Theoretical exploration of diverse electron-deficient core and terminal groups in A–DA′D–A type non-fullerene acceptors for organic solar cells

Abstract

Molecular engineering for non-fullerene acceptors (NFAs) with advanced power conversion efficiencies (PCEs), particularly from the aspects of theoretical analysis, has been a hot topic in the community of bulk heterojunction organic solar cells (BHJ OSCs) in recent years. In this context, taking NFAs Y6, Y10 and Y11 as research objects, the influence of molecular engineering of the terminal group (A) and the electron-deficient core (A′) group on the performance of NFAs and donor/acceptor (D/A) interfaces was theoretically explored by using density functional theory (DFT), time-dependent DFT (TD-DFT) and Marcus charge transfer theory.
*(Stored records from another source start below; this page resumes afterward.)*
lemma not_reduced_backtrack:
  assumes "\<not> reduced G p"
  obtains as f bs where "p = as @ [f, rv G f] @ bs"
  using assms
proof (induction p arbitrary: thesis)
  case (Cons f p)
  show ?case
  proof (cases "reduced G p")
    case True
    with Cons.prems(2) obtain bs where "p = rv G f # bs" by (cases p) auto
    then show ?thesis using Cons.prems(1)[of "[]"] by simp
  next
    case False
    then obtain as g bs where "p = as @ [g, rv G g] @ bs" using Cons.IH by blast
    then show ?thesis using Cons.prems(1)[of "f # as"] by simp
  qed
qed simp


lemma htp_refl [simp]: "(a, a) \<in> htp G"
  by (simp add: htp_def)

lemma htp_sym: "(a, b) \<in> htp G \<Longrightarrow> (b, a) \<in> htp G"
proof -
  have "sym (htp G)"
    unfolding htp_def by (rule sym_rtrancl) (simp add: sym_Un_converse)
  then show "(a, b) \<in> htp G \<Longrightarrow> (b, a) \<in> htp G" by (rule symD)
qed

lemma htp_trans: "(a, b) \<in> htp G \<Longrightarrow> (b, c) \<in> htp G \<Longrightarrow> (a, c) \<in> htp G"
  unfolding htp_def by (rule rtrancl_trans)

lemma htp_backtrack: "f \<in> oedges G \<Longrightarrow> (as @ [f, rv G f] @ bs, as @ bs) \<in> htp G"
  unfolding htp_def backtrack_def by blast

lemma walk_append: "walk G x (p @ q) z \<longleftrightarrow> (\<exists>y. walk G x p y \<and> walk G y q z)"
  by (induction p arbitrary: x) auto

definition reverse_walk :: "('v, 'o) graph \<Rightarrow> 'o list \<Rightarrow> 'o list" where
  "reverse_walk G p = rev (map (rv G) p)"

lemma reverse_walk_Nil [simp]: "reverse_walk G [] = []"
  and reverse_walk_Cons [simp]: "reverse_walk G (f # p) = reverse_walk G p @ [rv G f]"
  and set_reverse_walk [simp]: "set (reverse_walk G p) = rv G ` set p"
  by (auto simp: reverse_walk_def)

context
  fixes G :: "('v, 'o) graph"
  assumes graph: "finite_connected_graph G"
begin

lemma rv_in_oedges: "f \<in> oedges G \<Longrightarrow> rv G f \<in> oedges G"
  and rv_rv [simp]: "f \<in> oedges G \<Longrightarrow> rv G (rv G f) = f"
  and org_in_verts: "f \<in> oedges G \<Longrightarrow> org G f \<in> verts G"
  and tm_in_verts: "f \<in> oedges G \<Longrightarrow> tm G f \<in> verts G"
  using graph by (auto simp: finite_connected_graph_def tm_def)

lemma walk_reverse_walk:
  "set p \<subseteq> oedges G \<Longrightarrow> walk G x p y \<Longrightarrow> walk G y (reverse_walk G p) x"
  by (induction p arbitrary: x) (auto simp: walk_append tm_def)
It was found that the introduction of fluorine into the terminal group and benzotriazole (BTZ) into the electron-deficient core group improved the molecular polarity index (MPI), the electrostatic potential (ESP), the optical absorption properties, the first excited-state lifetime (τ), the hole and electron delocalization index (HDI, EDI), the electron transfer rate (K_e) and the electron mobility (μ_e) of the investigated NFAs, and reduced the charge recombination rate (K_CR) and enhanced the charge separation rate (K_CS) of the investigated D/A interfaces, thus leading to a higher PCE. More importantly, the designed J11/Y6, J11/Y11 and PM6/Y10 interfaces have superior K_CS/K_CR values to the experimental interfaces. Our investigation provides a theoretical guideline for a molecular design strategy of advanced OSC devices.